3. the machine learning method of fast lifting text classification performance as claimed in claim 2, which is characterized in that described logical It crosses the existing Construction of A Model of multiplexing and goes out query text sample, existing Model Reuse method includes: to be realized using Adaptive SVM The multiplexing of SVM model, i.e., by instructing the training text sample of goal task to complete using the weight of existing model as regular terms Modeling；Realize the multiplexing of Random Forest model using STRUT and SER, i.e., by structural information using decision tree and Text data distributed intelligence instructs the training text sample of goal task to complete modeling；Using deep learning Fine-tune skill Art realizes the multiplexing of deep learning model, that is, freezes the part convolutional layer of existing model, use linear Logistic regression technique The remaining convolutional layer of training and the multiplexing of full articulamentum implementation model.
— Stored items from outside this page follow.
(* Let $l\ge3$ be an integer and $x_1,\dots,x_l$ pairwise distinct real numbers, and set $a_{m,n}=\frac{1}{x_m-x_n}$ for $m\ne n$. Denoting by $\mathcal{S}_l$ the set of permutations of $\{1,\dots,l\}$, $$\sum_{\sigma\in\mathcal{S}_l} a_{\sigma(1),\sigma(2)}\,a_{\sigma(2),\sigma(3)}\cdots a_{\sigma(l-1),\sigma(l)}\,a_{\sigma(l),\sigma(1)}=0.$$ *)

theory Defs
  imports Complex_Main "HOL-Combinatorics.Permutations"
begin

end

theory Submission
  imports Defs "HOL-Combinatorics.Multiset_Permutations"
begin

text \<open>Write the sum over permutations as a sum of cyclic products
  a(y1,y2) a(y2,y3) ... a(yn,y1), with a = inv_diff x, over all arrangements y1 ... yn
  (distinct lists) of the index set S. Fix v in S and group the arrangements not starting with v by what remains after
  deleting v. Inserting v between cyclic neighbours p, s multiplies the cyclic product by
  a(p,v) + a(v,s), since a(p,v) a(v,s) = (a(p,v) + a(v,s)) a(p,s); summed over all gaps these
  factors cancel by antisymmetry, so each group contributes 0. Thus for every v the
  arrangements starting with v already sum to the total T, and summing over v gives
  T = |S| T, i.e. T = 0.\<close>

definition inv_diff :: "('a \<Rightarrow> 'b::field) \<Rightarrow> 'a \<Rightarrow> 'a \<Rightarrow> 'b" where
  "inv_diff x u v = 1 / (x u - x v)"

fun path_prod :: "('a \<Rightarrow> 'b::field) \<Rightarrow> 'a list \<Rightarrow> 'b" where
  "path_prod x (u # v # ws) = inv_diff x u v * path_prod x (v # ws)"
| "path_prod x _ = 1"

definition cycle_prod :: "('a \<Rightarrow> 'b::field) \<Rightarrow> 'a list \<Rightarrow> 'b" where
  "cycle_prod x xs = path_prod x (xs @ [hd xs])"

lemma inv_diff_swap: "inv_diff x v u = - inv_diff x u v"
  by (simp add: inv_diff_def minus_divide_right)

lemma inv_diff_mult_inv_diff:
  assumes "x u \<noteq> x v" "x v \<noteq> x w" "x u \<noteq> x w"
  shows "inv_diff x u v * inv_diff x v w = (inv_diff x u v + inv_diff x v w) * inv_diff x u w"
  using assms by (simp add: inv_diff_def field_simps)

lemma path_prod_append:
  "path_prod x (us @ v # w # ws) = path_prod x (us @ [v]) * path_prod x (v # w # ws)"
proof (induction us)
  case (Cons u us)
  then show ?case by (cases us) auto
qed simp

lemma path_prod_conv_nth:
  "path_prod x zs = (\<Prod>i < length zs - 1. inv_diff x (zs ! i) (zs ! Suc i))"
  by (induction x zs rule: path_prod.induct)
     (simp_all del: prod.lessThan_Suc add: prod.lessThan_Suc_shift)

lemma path_prod_insert:
  assumes "us \<noteq> []" "zs \<noteq> []"
    and "x (last us) \<noteq> x v" "x v \<noteq> x (hd zs)" "x (last us) \<noteq> x (hd zs)"
  shows "path_prod x (us @ v # zs) =
           (inv_diff x (last us) v + inv_diff x v (hd zs)) * path_prod x (us @ zs)"
proof -
  obtain us' u where us: "us = us' @ [u]" using \<open>us \<noteq> []\<close> by (cases us rule: rev_cases) auto
  obtain z zs' where zs: "zs = z # zs'" using \<open>zs \<noteq> []\<close> by (cases zs) auto
  have "path_prod x (us @ v # zs) =
          path_prod x us * (inv_diff x u v * inv_diff x v z) * path_prod x zs"
    by (simp add: us zs path_prod_append)
  moreover have "path_prod x (us @ zs) = path_prod x us * inv_diff x u z * path_prod x zs"
    by (simp add: us zs path_prod_append)
  moreover have "inv_diff x u v * inv_diff x v z = (inv_diff x u v + inv_diff x v z) * inv_diff x u z"
    using assms by (intro inv_diff_mult_inv_diff) (simp_all add: us zs)
  ultimately show ?thesis
    by (simp add: us zs)
qed

lemma nth_rotate1_neq:
  assumes "distinct ys" "length ys \<ge> 2" "k < length ys"
  shows "rotate1 ys ! k \<noteq> ys ! k"
proof -
  have "Suc k mod length ys \<noteq> k"
  proof (cases "Suc k < length ys")
    case False
    then have "Suc k = length ys" using assms(3) by simp
    then show ?thesis using assms(2) by simp
  qed simp
  moreover have "Suc k mod length ys < length ys"
    using assms(3) by (intro mod_less_divisor) linarith
  ultimately show ?thesis
    using assms by (simp add: nth_rotate1 nth_eq_iff_index_eq)
qed

lemma cycle_prod_insert:
  assumes "distinct ys" "length ys \<ge> 2" "k < length ys"
    and "v \<notin> set ys" "inj_on x (insert v (set ys))"
  shows "cycle_prod x (take (Suc k) ys @ v # drop (Suc k) ys) =
           (inv_diff x (ys ! k) v + inv_diff x v (rotate1 ys ! k)) * cycle_prod x ys"
proof -
  define us where "us = take (Suc k) ys"
  define zs where "zs = drop k (rotate1 ys)"
  have "ys \<noteq> []" using assms(3) by auto
  have us: "us \<noteq> []" "last us = ys ! k"
    using assms(3) by (simp_all add: us_def take_Suc_conv_app_nth)
  have zs_eq: "zs = drop (Suc k) ys @ [hd ys]"
    using assms(3) \<open>ys \<noteq> []\<close> by (simp add: zs_def rotate1_hd_tl drop_Suc)
  have zs: "zs \<noteq> []" "hd zs = rotate1 ys ! k"
    using assms(3) by (simp add: zs_eq) (simp add: zs_def hd_drop_conv_nth assms(3))
  have "cycle_prod x (us @ v # drop (Suc k) ys) = path_prod x (us @ v # zs)"
    using us by (simp add: cycle_prod_def zs_eq us_def)
  also have "\<dots> = (inv_diff x (ys ! k) v + inv_diff x v (rotate1 ys ! k)) * path_prod x (us @ zs)"
  proof -
    have "ys ! k \<in> set ys" "rotate1 ys ! k \<in> set ys"
      using assms(3) nth_mem[of k "rotate1 ys"] by simp_all
    then have "x (ys ! k) \<noteq> x v" "x v \<noteq> x (rotate1 ys ! k)" "x (ys ! k) \<noteq> x (rotate1 ys ! k)"
      using nth_rotate1_neq[OF assms(1-3)] assms(4) inj_on_contraD[OF assms(5)] by (metis insertCI)+
    then show ?thesis
      using path_prod_insert[OF us(1) zs(1)] by (simp add: us(2) zs(2))
  qed
  also have "path_prod x (us @ zs) = cycle_prod x ys"
    by (simp only: cycle_prod_def zs_eq us_def append_assoc[symmetric] append_take_drop_id)
  finally show ?thesis by (simp add: us_def)
qed

lemma sum_nth_rotate1:
  "(\<Sum>k<length xs. f (rotate1 xs ! k)) = (\<Sum>k<length xs. f (xs ! k) :: 'b::comm_monoid_add)"
proof -
  have sum_nth: "(\<Sum>k<length ys. f (ys ! k)) = sum_list (map f ys)" for ys
    by (simp add: sum_list_sum_nth atLeast0LessThan)
  show ?thesis
    using sum_nth[of "rotate1 xs"] sum_nth[of xs] by (cases xs) (simp_all add: add.commute)
qed

lemma sum_cycle_prod_insert:
  assumes "distinct ys" "length ys \<ge> 2" "v \<notin> set ys" "inj_on x (insert v (set ys))"
  shows "(\<Sum>k<length ys. cycle_prod x (take (Suc k) ys @ v # drop (Suc k) ys)) = 0"
proof -
  have "(\<Sum>k<length ys. cycle_prod x (take (Suc k) ys @ v # drop (Suc k) ys)) =
          ((\<Sum>k<length ys. inv_diff x (ys ! k) v) + (\<Sum>k<length ys. inv_diff x v (rotate1 ys ! k)))
          * cycle_prod x ys"
    using assms by (simp add: cycle_prod_insert sum.distrib flip: sum_distrib_right)
  also have "(\<Sum>k<length ys. inv_diff x v (rotate1 ys ! k)) = - (\<Sum>k<length ys. inv_diff x (ys ! k) v)"
    using sum_nth_rotate1[of "\<lambda>u. inv_diff x u v" ys] by (simp add: inv_diff_swap[of x v] sum_negf)
  finally show ?thesis by simp
qed

lemma takeWhile_insert:
  assumes "v \<notin> set ys"
  shows "takeWhile (\<lambda>z. z \<noteq> v) (take k ys @ v # drop k ys) = take k ys"
proof -
  have "z \<noteq> v" if "z \<in> set (take k ys)" for z
    using assms in_set_takeD that by fastforce
  then show ?thesis by (simp add: takeWhile_append2)
qed

lemma bij_betw_insert_permutations_of_set:
  assumes ys: "ys \<in> permutations_of_set (S - {v})" and "v \<in> S"
  shows "bij_betw (\<lambda>k. take (Suc k) ys @ v # drop (Suc k) ys) {..<length ys}
           {xs \<in> permutations_of_set S. hd xs \<noteq> v \<and> remove1 v xs = ys}"
proof (rule bij_betw_imageI)
  have ys': "distinct ys" "set ys = S - {v}" "v \<notin> set ys"
    using ys by (auto simp: permutations_of_set_def)
  show "inj_on (\<lambda>k. take (Suc k) ys @ v # drop (Suc k) ys) {..<length ys}"
  proof (rule inj_onI)
    fix i j assume "i \<in> {..<length ys}" "j \<in> {..<length ys}"
      and "take (Suc i) ys @ v # drop (Suc i) ys = take (Suc j) ys @ v # drop (Suc j) ys"
    then have "take (Suc i) ys = take (Suc j) ys"
      using takeWhile_insert[OF ys'(3)] by metis
    then show "i = j"
      using \<open>i \<in> _\<close> \<open>j \<in> _\<close> by (metis Suc_leI lessThan_iff length_take min.absorb2 nat.inject)
  qed
  show "(\<lambda>k. take (Suc k) ys @ v # drop (Suc k) ys) ` {..<length ys} =
          {xs \<in> permutations_of_set S. hd xs \<noteq> v \<and> remove1 v xs = ys}"
  proof (intro equalityI subsetI)
    fix xs assume "xs \<in> (\<lambda>k. take (Suc k) ys @ v # drop (Suc k) ys) ` {..<length ys}"
    then obtain k where k: "k < length ys" and xs: "xs = take (Suc k) ys @ v # drop (Suc k) ys"
      by blast
    define us ws where "us = take (Suc k) ys" and "ws = drop (Suc k) ys"
    have "us \<noteq> []" "ys = us @ ws"
      using k by (cases ys) (auto simp: us_def ws_def)
    then show "xs \<in> {xs \<in> permutations_of_set S. hd xs \<noteq> v \<and> remove1 v xs = ys}"
      using ys' \<open>v \<in> S\<close> hd_in_set[of us] unfolding xs us_def[symmetric] ws_def[symmetric]
      by (auto simp: permutations_of_set_def remove1_append)
  next
    fix xs assume "xs \<in> {xs \<in> permutations_of_set S. hd xs \<noteq> v \<and> remove1 v xs = ys}"
    then have xs: "distinct xs" "set xs = S" "hd xs \<noteq> v" "remove1 v xs = ys"
      by (auto simp: permutations_of_set_def)
    obtain us ws where split: "xs = us @ v # ws" "v \<notin> set us"
      using split_list_first[of v xs] xs(2) \<open>v \<in> S\<close> by blast
    have "ys = us @ ws"
      using xs(4) split by (simp add: remove1_append)
    moreover obtain k where "length us = Suc k"
      using xs(3) split(1) by (cases us) auto
    ultimately show "xs \<in> (\<lambda>k. take (Suc k) ys @ v # drop (Suc k) ys) ` {..<length ys}"
      using split(1) by (intro image_eqI[of _ _ k]) auto
  qed
qed

lemma sum_cycle_prod_hd_neq:
  assumes "finite S" "v \<in> S" "card S \<ge> 3" "inj_on x S"
  shows "(\<Sum>xs | xs \<in> permutations_of_set S \<and> hd xs \<noteq> v. cycle_prod x xs) = 0"
proof -
  let ?F = "{xs \<in> permutations_of_set S. hd xs \<noteq> v}"
  have "(\<Sum>xs\<in>?F. cycle_prod x xs) =
          (\<Sum>ys\<in>permutations_of_set (S - {v}). \<Sum>xs\<in>{xs \<in> ?F. remove1 v xs = ys}. cycle_prod x xs)"
    by (rule sum.group[symmetric])
       (simp_all, auto intro!: permutations_of_setI simp: set_remove1_eq permutations_of_set_def)
  also have "\<dots> = 0"
  proof (rule sum.neutral, rule ballI)
    fix ys assume ys: "ys \<in> permutations_of_set (S - {v})"
    then have "distinct ys" "set ys = S - {v}" "v \<notin> set ys"
      by (auto simp: permutations_of_set_def)
    moreover have "length ys \<ge> 2"
      using ys assms(1-3) by (simp add: length_finite_permutations_of_set)
    moreover have "inj_on x (insert v (set ys))"
      using \<open>set ys = S - {v}\<close> assms(2,4) by (simp add: insert_absorb)
    ultimately have "(\<Sum>k<length ys. cycle_prod x (take (Suc k) ys @ v # drop (Suc k) ys)) = 0"
      by (intro sum_cycle_prod_insert)
    then show "(\<Sum>xs\<in>{xs \<in> ?F. remove1 v xs = ys}. cycle_prod x xs) = 0"
      using sum.reindex_bij_betw[OF bij_betw_insert_permutations_of_set[OF ys assms(2)], of "cycle_prod x"]
      by (simp add: conj_assoc)
  qed
  finally show ?thesis by simp
qed

lemma sum_cycle_prod_permutations_of_set:
  fixes x :: "'a \<Rightarrow> 'b::field_char_0"
  assumes "finite S" "card S \<ge> 3" "inj_on x S"
  shows "(\<Sum>xs\<in>permutations_of_set S. cycle_prod x xs) = 0"
proof -
  let ?T = "\<Sum>xs\<in>permutations_of_set S. cycle_prod x xs"
  have hd_eq: "(\<Sum>xs | xs \<in> permutations_of_set S \<and> hd xs = v. cycle_prod x xs) = ?T"
    if "v \<in> S" for v
    using sum.If_cases[of "permutations_of_set S" "\<lambda>xs. hd xs = v" "cycle_prod x" "cycle_prod x"]
      sum_cycle_prod_hd_neq[OF assms(1) that assms(2,3)]
    by (simp add: Int_def Collect_neg_eq[symmetric] conj_commute)
  have "hd xs \<in> S" if "xs \<in> permutations_of_set S" for xs
  proof -
    have "S \<noteq> {}" using assms(2) by auto
    then show ?thesis using that hd_in_set[of xs] by (auto simp: permutations_of_set_def)
  qed
  then have "?T = (\<Sum>v\<in>S. \<Sum>xs | xs \<in> permutations_of_set S \<and> hd xs = v. cycle_prod x xs)"
    using assms(1) by (intro sum.group[symmetric]) auto
  also have "\<dots> = of_nat (card S) * ?T"
    by (simp add: hd_eq)
  finally have "(of_nat (card S) - 1) * ?T = 0"
    by (simp add: algebra_simps)
  moreover have "of_nat (card S) - 1 \<noteq> (0 :: 'b)"
    using assms(2) by simp
  ultimately show ?thesis by simp
qed

lemma bij_betw_map_permutes:
  assumes "distinct xs"
  shows "bij_betw (\<lambda>\<sigma>. map \<sigma> xs) {\<sigma>. \<sigma> permutes set xs} (permutations_of_set (set xs))"
proof -
  have inj: "inj_on (\<lambda>\<sigma>. map \<sigma> xs) {\<sigma>. \<sigma> permutes set xs}"
  proof (rule inj_onI)
    fix \<sigma> \<tau> assume "\<sigma> \<in> {\<sigma>. \<sigma> permutes set xs}" "\<tau> \<in> {\<sigma>. \<sigma> permutes set xs}"
      and "map \<sigma> xs = map \<tau> xs"
    then show "\<sigma> = \<tau>"
      by (metis map_eq_conv mem_Collect_eq permutes_not_in ext)
  qed
  have sub: "(\<lambda>\<sigma>. map \<sigma> xs) ` {\<sigma>. \<sigma> permutes set xs} \<subseteq> permutations_of_set (set xs)"
    using permutations_of_set_image_permutes assms by (blast intro: permutations_of_setI)
  have "card ((\<lambda>\<sigma>. map \<sigma> xs) ` {\<sigma>. \<sigma> permutes set xs}) = card (permutations_of_set (set xs))"
    by (simp add: card_image[OF inj] card_permutations)
  then show ?thesis
    using inj sub by (simp add: bij_betw_def card_subset_eq)
qed

lemma cycle_prod_conv_nth:
  assumes "xs \<noteq> []"
  shows "cycle_prod x xs = (\<Prod>i<length xs. inv_diff x (xs ! i) (xs ! (Suc i mod length xs)))"
proof -
  have "(xs @ [hd xs]) ! Suc i = xs ! (Suc i mod length xs)" if "i < length xs" for i
  proof (cases "Suc i < length xs")
    case False
    then have "Suc i = length xs" using that by simp
    then show ?thesis using assms by (simp add: hd_conv_nth)
  qed (simp add: nth_append)
  then show ?thesis
    by (simp add: cycle_prod_def path_prod_conv_nth nth_append)
qed

lemma prod_cyclic_eq_cycle_prod:
  assumes "l \<ge> 1"
  shows "(\<Prod>i = 1..l. inv_diff x (\<sigma> i) (\<sigma> (if i = l then 1 else i + 1))) =
           cycle_prod x (map \<sigma> [1..<Suc l])"
proof -
  have "Suc (Suc k mod l) = (if Suc k = l then 1 else Suc k + 1)" if "k < l" for k
    using that by auto
  then show ?thesis
    using assms by (simp add: cycle_prod_conv_nth prod.atLeast1_atMost_eq del: upt_Suc)
qed

theorem lemma4:
  fixes l :: nat and x :: "nat \<Rightarrow> real"
  assumes "l \<ge> 3"
    and "inj_on x {1..l}"
  shows "(\<Sum>\<sigma> | \<sigma> permutes {1..l}.
           \<Prod>i = 1..l. 1 / (x (\<sigma> i) - x (\<sigma> (if i = l then 1 else i + 1)))) = 0"
proof -
  note bij = bij_betw_map_permutes[OF distinct_upt[of 1 "Suc l"],
      unfolded set_upt atLeastLessThanSuc_atLeastAtMost]
  have "(\<Sum>\<sigma> | \<sigma> permutes {1..l}.
           \<Prod>i = 1..l. 1 / (x (\<sigma> i) - x (\<sigma> (if i = l then 1 else i + 1)))) =
        (\<Sum>\<sigma> | \<sigma> permutes {1..l}. cycle_prod x (map \<sigma> [1..<Suc l]))"
    using assms(1) by (intro sum.cong refl prod_cyclic_eq_cycle_prod[unfolded inv_diff_def]) simp
  also have "\<dots> = (\<Sum>xs\<in>permutations_of_set {1..l}. cycle_prod x xs)"
    by (rule sum.reindex_bij_betw[OF bij])
  also have "\<dots> = 0"
    using assms by (intro sum_cycle_prod_permutations_of_set) auto
  finally show ?thesis .
qed

end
4. the machine learning method of fast lifting text classification performance as claimed in claim 3, which is characterized in that the utilization The step of existing model filter unnecessary inquiry are as follows:

1) samples of text to be checked is selected by Active Learning, inquiry, which refers to, here obtains this paper sample by domain expert Label；

2) the prediction Confidence of text sample is calculated using existing model:

3) judge whether to need to inquire according to prediction Confidence；Specifically, if prediction Confidence is higher than specified threshold, lead to It crosses existing model and provides label；Otherwise, then it is marked by domain expert.

5. the machine learning method of fast lifting text classification performance as claimed in claim 4, which is characterized in that described to be based on Markd samples of text is updated the significance level of existing model, makes larger tribute to performance boost it is, improving The weight for the existing model offered reduces the weight for lacking the existing model of contribution to performance boost at the same time.